▽

(* Let $I,J,t\in\mathbb{N}$ and $f:\{0,1\}^d\to\{0,1\}$ arbitrary, and let $\eta=\Pr_{x,y,z\sim\{0,1\}^d}[T_f(x,y,z)=1]$ for independent uniform $x,y,z$. If $z$ and $x_i^{(\ell)},y_j^{(\ell)}$ for $(i,j,\ell)\in[I]\times[J]\times[t+1]$ are sampled uniformly and independently from $\{0,1\}^d$, then $$\Pr\Big[\bigcap_{i\in[I],\,j\in[J],\,\ell\in[t+1]}\big[T_f(x_i^{(\ell)},y_j^{(\ell)},z)=1\big]\Big]\ge\eta^{IJ(t+1)}.$$
   Context: For $f:\{0,1\}^d\to\{0,1\}$ and $x,y,z\in\{0,1\}^d$, $T_f(x,y,z)=\sum_{\emptyset\neq S\subseteq\{x,y,z\}} f\big(\bigoplus_{u\in S}u\big)\bmod 2$ (the sum of $f$ over $x,y,z,x\oplus y,x\oplus z,y\oplus z,x\oplus y\oplus z$), where $\oplus$ is bitwise XOR. *)

theory Defs
  imports "HOL-Probability.Probability"
begin

text \<open>The cube {0,1}^d, elements represented as boolean lists of length d
  (True = 1, False = 0).\<close>
definition cube :: "nat \<Rightarrow> bool list set" where
  "cube d = {v. length v = d}"

definition bxor :: "bool list \<Rightarrow> bool list \<Rightarrow> bool list" where
  "bxor u v = map2 (\<noteq>) u v"

text \<open>T_f(x,y,z): sum of f over the seven nonempty XOR-combinations, mod 2.
  f : {0,1}^d -> {0,1} is given as a function into nat; only its values on the
  cube matter, and the theorem assumes they lie in {0,1}.\<close>
definition Tf :: "(bool list \<Rightarrow> nat) \<Rightarrow> bool list \<Rightarrow> bool list \<Rightarrow> bool list \<Rightarrow> nat" where
  "Tf f x y z = (f x + f y + f z + f (bxor x y) + f (bxor x z) + f (bxor y z)
                 + f (bxor (bxor x y) z)) mod 2"

definition eta :: "nat \<Rightarrow> (bool list \<Rightarrow> nat) \<Rightarrow> real" where
  "eta d f = measure_pmf.prob (pmf_of_set (cube d \<times> cube d \<times> cube d))
              {(x, y, z). Tf f x y z = 1}"

end

theory Submission
  imports Defs
begin

text \<open>For fixed z, the event is the intersection over the t+1 independent layers
  of a complete bipartite pattern K_{I,J} between the x_i and the y_j, with edge
  weight g x y = [T_f(x,y,z) = 1]. Averaging out the x_i turns the pattern density
  into the mean of an I-th power of r(y_1..y_J), and the mean of r is a mean of
  J-th powers; Jensen, applied to both powers, bounds the density below by
  q(z)^{IJ}, where q(z) is the edge density. Jensen once more over z gives
  eta^{IJ(t+1)}, since eta is the mean of q(z).\<close>

definition avg :: "'a set \<Rightarrow> ('a \<Rightarrow> real) \<Rightarrow> real" where
  "avg S h = (\<Sum>s\<in>S. h s) / real (card S)"

lemma avg_nonneg: "(\<And>s. s \<in> S \<Longrightarrow> h s \<ge> 0) \<Longrightarrow> avg S h \<ge> 0"
  unfolding avg_def by (intro divide_nonneg_nonneg sum_nonneg) auto

lemma avg_mono: "(\<And>s. s \<in> S \<Longrightarrow> h s \<le> k s) \<Longrightarrow> avg S h \<le> avg S k"
  unfolding avg_def by (intro divide_right_mono sum_mono) auto

lemma avg_cong: "(\<And>s. s \<in> S \<Longrightarrow> h s = k s) \<Longrightarrow> avg S h = avg S k"
  unfolding avg_def by (metis sum.cong)

lemma avg_swap: "avg A (\<lambda>a. avg B (\<lambda>b. h a b)) = avg B (\<lambda>b. avg A (\<lambda>a. h a b))"
  unfolding avg_def by (simp add: sum_divide_distrib[symmetric] sum.swap[of _ A B])

lemma avg_Times:
  assumes "finite A" "finite B"
  shows "avg (A \<times> B) h = avg A (\<lambda>a. avg B (\<lambda>b. h (a, b)))"
  unfolding avg_def using assms
  by (simp add: sum.cartesian_product split_def card_cartesian_product
      sum_divide_distrib[symmetric] mult.commute)

lemma avg_PiE_prod:
  assumes "finite K" "\<And>k. k \<in> K \<Longrightarrow> finite (B k)"
  shows "avg (PiE K B) (\<lambda>f. \<Prod>k\<in>K. g k (f k)) = (\<Prod>k\<in>K. avg (B k) (g k))"
  unfolding avg_def using prod_sum_PiE[OF assms, where f = g]
  by (simp add: card_PiE[OF assms(1)] prod_dividef)

lemma avg_reindex_bij_betw:
  assumes "bij_betw \<phi> B A"
  shows "avg A h = avg B (\<lambda>b. h (\<phi> b))"
  unfolding avg_def using sum.reindex_bij_betw[OF assms, of h] bij_betw_same_card[OF assms]
  by simp

lemma convex_on_power_nonneg: "convex_on {0::real..} (\<lambda>x. x ^ n)"
  by (cases "even n") (use convex_power_even convex_on_subset convex_power_odd in blast)+

lemma avg_power_le:
  assumes "finite S" "S \<noteq> {}" "\<And>s. s \<in> S \<Longrightarrow> h s \<ge> 0"
  shows "avg S h ^ n \<le> avg S (\<lambda>s. h s ^ n)"
proof -
  have "card S > 0" using assms card_gt_0_iff by blast
  then have "(\<Sum>s\<in>S. (1 / real (card S)) *\<^sub>R h s) ^ n \<le> (\<Sum>s\<in>S. (1 / real (card S)) * h s ^ n)"
    using convex_on_sum[OF assms(1,2) convex_on_power_nonneg[of n],
        where a = "\<lambda>_. 1 / real (card S)" and y = h] assms
    by auto
  then show ?thesis unfolding avg_def
    by (simp add: sum_distrib_right[symmetric] sum_distrib_left[symmetric] divide_inverse mult.commute)
qed

lemma prob_pmf_of_set_eq_avg:
  assumes "finite A" "A \<noteq> {}"
  shows "measure_pmf.prob (pmf_of_set A) E = avg A (\<lambda>x. of_bool (x \<in> E))"
  using measure_pmf_of_set[OF assms(2,1)] assms(1) unfolding avg_def
  by (simp add: Int_def)

lemma prod_of_bool: "finite K \<Longrightarrow> (\<Prod>k\<in>K. of_bool (P k) :: real) = of_bool (\<forall>k\<in>K. P k)"
  by (induction K rule: finite_induct) auto

lemma bij_betw_uncurry_PiE:
  "bij_betw (\<lambda>U. \<lambda>(a, b). if a \<in> A \<and> b \<in> B then U b a else undefined)
     (PiE B (\<lambda>_. PiE A (\<lambda>_. S))) (PiE (A \<times> B) (\<lambda>_. S))"
proof (rule bij_betw_byWitness[where
      f' = "\<lambda>X b. if b \<in> B then (\<lambda>a. if a \<in> A then X (a, b) else undefined) else undefined"])
qed (auto simp: PiE_iff extensional_def fun_eq_iff split: if_splits)

lemma avg_bipartite_prod_ge:
  fixes g :: "'a \<Rightarrow> 'a \<Rightarrow> real"
  assumes S: "finite S" "S \<noteq> {}" and g: "\<And>x y. g x y \<ge> 0"
    and AB: "finite A" "finite B"
  shows "avg (PiE A (\<lambda>_. S)) (\<lambda>u. avg (PiE B (\<lambda>_. S)) (\<lambda>v. \<Prod>a\<in>A. \<Prod>b\<in>B. g (u a) (v b)))
         \<ge> avg S (\<lambda>x. avg S (g x)) ^ (card A * card B)"
proof -
  define PB where "PB = PiE B (\<lambda>_. S)"
  define q where "q = avg S (\<lambda>x. avg S (g x))"
  define r where "r v = avg S (\<lambda>x. \<Prod>b\<in>B. g x (v b))" for v
  have PB: "finite PB" "PB \<noteq> {}"
    unfolding PB_def using S AB by (auto simp: finite_PiE PiE_eq_empty_iff)
  have "q \<ge> 0" unfolding q_def using g by (intro avg_nonneg) auto
  have r_nonneg: "r v \<ge> 0" for v unfolding r_def using g by (intro avg_nonneg prod_nonneg) auto
  have avg_r: "avg PB r = avg S (\<lambda>x. avg S (g x) ^ card B)"
    unfolding r_def
    by (subst avg_swap) (use avg_PiE_prod[of B "\<lambda>_. S" "\<lambda>_. g _"] AB S in \<open>simp add: PB_def\<close>)
  have "q ^ card B \<le> avg PB r"
    unfolding avg_r q_def using avg_power_le[OF S, of "\<lambda>x. avg S (g x)"] g by (simp add: avg_nonneg)
  then have "q ^ (card A * card B) \<le> avg PB r ^ card A"
    using \<open>q \<ge> 0\<close> power_mono[of "q ^ card B" "avg PB r" "card A"]
    by (simp add: power_mult[symmetric] mult.commute)
  also have "\<dots> \<le> avg PB (\<lambda>v. r v ^ card A)"
    using avg_power_le[OF PB] r_nonneg by auto
  also have "\<dots> = avg PB (\<lambda>v. avg (PiE A (\<lambda>_. S)) (\<lambda>u. \<Prod>a\<in>A. \<Prod>b\<in>B. g (u a) (v b)))"
    using avg_PiE_prod[of A "\<lambda>_. S" "\<lambda>_ x. \<Prod>b\<in>B. g x (_ b)"] AB S
    unfolding r_def by (intro avg_cong) simp
  finally show ?thesis unfolding PB_def q_def by (subst avg_swap)
qed

lemma avg_layered_bipartite_prod_ge:
  fixes g :: "'a \<Rightarrow> 'a \<Rightarrow> real"
  assumes S: "finite S" "S \<noteq> {}" and g: "\<And>x y. g x y \<ge> 0"
    and fin: "finite A" "finite B" "finite L"
  shows "avg (PiE (A \<times> L) (\<lambda>_. S)) (\<lambda>X. avg (PiE (B \<times> L) (\<lambda>_. S))
            (\<lambda>Y. \<Prod>a\<in>A. \<Prod>b\<in>B. \<Prod>l\<in>L. g (X (a, l)) (Y (b, l))))
         \<ge> avg S (\<lambda>x. avg S (g x)) ^ (card A * card B * card L)"
proof -
  define PA where "PA = PiE A (\<lambda>_. S)"
  define PB where "PB = PiE B (\<lambda>_. S)"
  define H where "H u v = (\<Prod>a\<in>A. \<Prod>b\<in>B. g (u a) (v b))" for u v
  define M where "M = avg PA (\<lambda>u. avg PB (H u))"
  have PA: "finite PA" "PA \<noteq> {}" and PB: "finite PB" "PB \<noteq> {}"
    unfolding PA_def PB_def using S fin by (auto simp: finite_PiE PiE_eq_empty_iff)
  have layers_last: "(\<Prod>a\<in>A. \<Prod>b\<in>B. \<Prod>l\<in>L. F a b l) = (\<Prod>l\<in>L. \<Prod>a\<in>A. \<Prod>b\<in>B. F a b l)"
    for F :: "_ \<Rightarrow> _ \<Rightarrow> _ \<Rightarrow> real"
    by (simp add: prod.swap[of _ B L] prod.swap[of _ A L])
  have "avg (PiE (A \<times> L) (\<lambda>_. S)) (\<lambda>X. avg (PiE (B \<times> L) (\<lambda>_. S))
            (\<lambda>Y. \<Prod>a\<in>A. \<Prod>b\<in>B. \<Prod>l\<in>L. g (X (a, l)) (Y (b, l))))
     = avg (PiE L (\<lambda>_. PA)) (\<lambda>U. avg (PiE L (\<lambda>_. PB)) (\<lambda>V. \<Prod>l\<in>L. H (U l) (V l)))"
    \<comment> \<open>uncurrying X and Y makes the layers independent coordinates\<close>
    unfolding PA_def PB_def H_def layers_last
    by (subst avg_reindex_bij_betw[OF bij_betw_uncurry_PiE[of A L S]],
        intro avg_cong, subst avg_reindex_bij_betw[OF bij_betw_uncurry_PiE[of B L S]],
        intro avg_cong) (auto simp: PiE_iff)
  also have "\<dots> = avg (PiE L (\<lambda>_. PA)) (\<lambda>U. \<Prod>l\<in>L. avg PB (H (U l)))"
    using avg_PiE_prod[of L "\<lambda>_. PB"] fin PB by (intro avg_cong) simp
  also have "\<dots> = M ^ card L"
    using avg_PiE_prod[of L "\<lambda>_. PA" "\<lambda>_ u. avg PB (H u)"] fin PA by (simp add: M_def)
  finally have "avg (PiE (A \<times> L) (\<lambda>_. S)) (\<lambda>X. avg (PiE (B \<times> L) (\<lambda>_. S))
            (\<lambda>Y. \<Prod>a\<in>A. \<Prod>b\<in>B. \<Prod>l\<in>L. g (X (a, l)) (Y (b, l)))) = M ^ card L" .
  moreover have "avg S (\<lambda>x. avg S (g x)) ^ (card A * card B) \<le> M"
    unfolding M_def PA_def PB_def H_def by (rule avg_bipartite_prod_ge[OF S g fin(1,2)])
  moreover have "avg S (\<lambda>x. avg S (g x)) \<ge> 0"
    using g by (intro avg_nonneg) auto
  ultimately show ?thesis
    by (simp add: power_mult power_mono)
qed

lemma finite_cube: "finite (cube d)"
  using finite_lists_length_eq[of "UNIV :: bool set" d] by (simp add: cube_def)

lemma cube_nonempty: "cube d \<noteq> {}"
  using length_replicate[of d True] unfolding cube_def by blast

lemma eta_eq_avg_edge_density:
  "eta d f = avg (cube d) (\<lambda>z. avg (cube d) (\<lambda>x. avg (cube d) (\<lambda>y. of_bool (Tf f x y z = 1))))"
proof -
  let ?S = "cube d"
  have "eta d f = avg ?S (\<lambda>x. avg ?S (\<lambda>y. avg ?S (\<lambda>z. of_bool (Tf f x y z = 1))))"
    unfolding eta_def using finite_cube cube_nonempty
    by (simp add: prob_pmf_of_set_eq_avg avg_Times)
  also have "\<dots> = avg ?S (\<lambda>x. avg ?S (\<lambda>z. avg ?S (\<lambda>y. of_bool (Tf f x y z = 1))))"
    by (intro avg_cong avg_swap)
  also have "\<dots> = avg ?S (\<lambda>z. avg ?S (\<lambda>x. avg ?S (\<lambda>y. of_bool (Tf f x y z = 1))))"
    by (rule avg_swap)
  finally show ?thesis .
qed

theorem claim4p4:
  fixes d I J t :: nat and f :: "bool list \<Rightarrow> nat"
  assumes "\<forall>v \<in> cube d. f v \<in> {0, 1}"
  shows "measure_pmf.prob
           (pmf_of_set (cube d \<times> (PiE ({..<I} \<times> {..<t+1}) (\<lambda>_. cube d))
                               \<times> (PiE ({..<J} \<times> {..<t+1}) (\<lambda>_. cube d))))
           {(z, X, Y). \<forall>i<I. \<forall>j<J. \<forall>l<t+1. Tf f (X (i, l)) (Y (j, l)) z = 1}
         \<ge> eta d f ^ (I * J * (t + 1))"
proof -
  define S where "S = cube d"
  define G where "G z x y = (of_bool (Tf f x y z = 1) :: real)" for z x y
  define E where "E = {(z, X, Y). \<forall>i<I. \<forall>j<J. \<forall>l<t+1. Tf f (X (i, l)) (Y (j, l)) z = 1}"
  define q where "q z = avg S (\<lambda>x. avg S (G z x))" for z
  have S: "finite S" "S \<noteq> {}" unfolding S_def by (simp_all add: finite_cube cube_nonempty)
  have q_nonneg: "q z \<ge> 0" for z unfolding q_def G_def by (intro avg_nonneg) simp
  have "eta d f ^ (I * J * (t + 1)) = avg S q ^ (I * J * (t + 1))"
    unfolding eta_eq_avg_edge_density q_def G_def S_def ..
  also have "\<dots> \<le> avg S (\<lambda>z. q z ^ (card {..<I} * card {..<J} * card {..<t+1}))"
    using avg_power_le[OF S, of q "I * J * (t + 1)"] q_nonneg by simp
  also have "\<dots> \<le> avg S (\<lambda>z. avg (PiE ({..<I} \<times> {..<t+1}) (\<lambda>_. S))
      (\<lambda>X. avg (PiE ({..<J} \<times> {..<t+1}) (\<lambda>_. S))
        (\<lambda>Y. \<Prod>i<I. \<Prod>j<J. \<Prod>l<t+1. G z (X (i, l)) (Y (j, l)))))"
    unfolding q_def by (intro avg_mono avg_layered_bipartite_prod_ge[OF S]) (simp_all add: G_def)
  also have "\<dots> = avg S (\<lambda>z. avg (PiE ({..<I} \<times> {..<t+1}) (\<lambda>_. S))
      (\<lambda>X. avg (PiE ({..<J} \<times> {..<t+1}) (\<lambda>_. S))
        (\<lambda>Y. of_bool ((z, X, Y) \<in> E))))"
    unfolding E_def G_def by (intro avg_cong) (simp only: prod_of_bool finite_lessThan, auto)
  also have "\<dots> = measure_pmf.prob
           (pmf_of_set (S \<times> (PiE ({..<I} \<times> {..<t+1}) (\<lambda>_. S)) \<times> (PiE ({..<J} \<times> {..<t+1}) (\<lambda>_. S)))) E"
    using S by (simp add: prob_pmf_of_set_eq_avg avg_Times finite_PiE PiE_eq_empty_iff)
  finally show ?thesis unfolding S_def E_def .
qed

end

△

■ **ACTIVITY**
What lines above contain the word "theorem"? Return each such line.

■ **WRITTEN REPLY**
  cube matter, and the theorem assumes they lie in {0,1}.\<close>
theorem claim4p4:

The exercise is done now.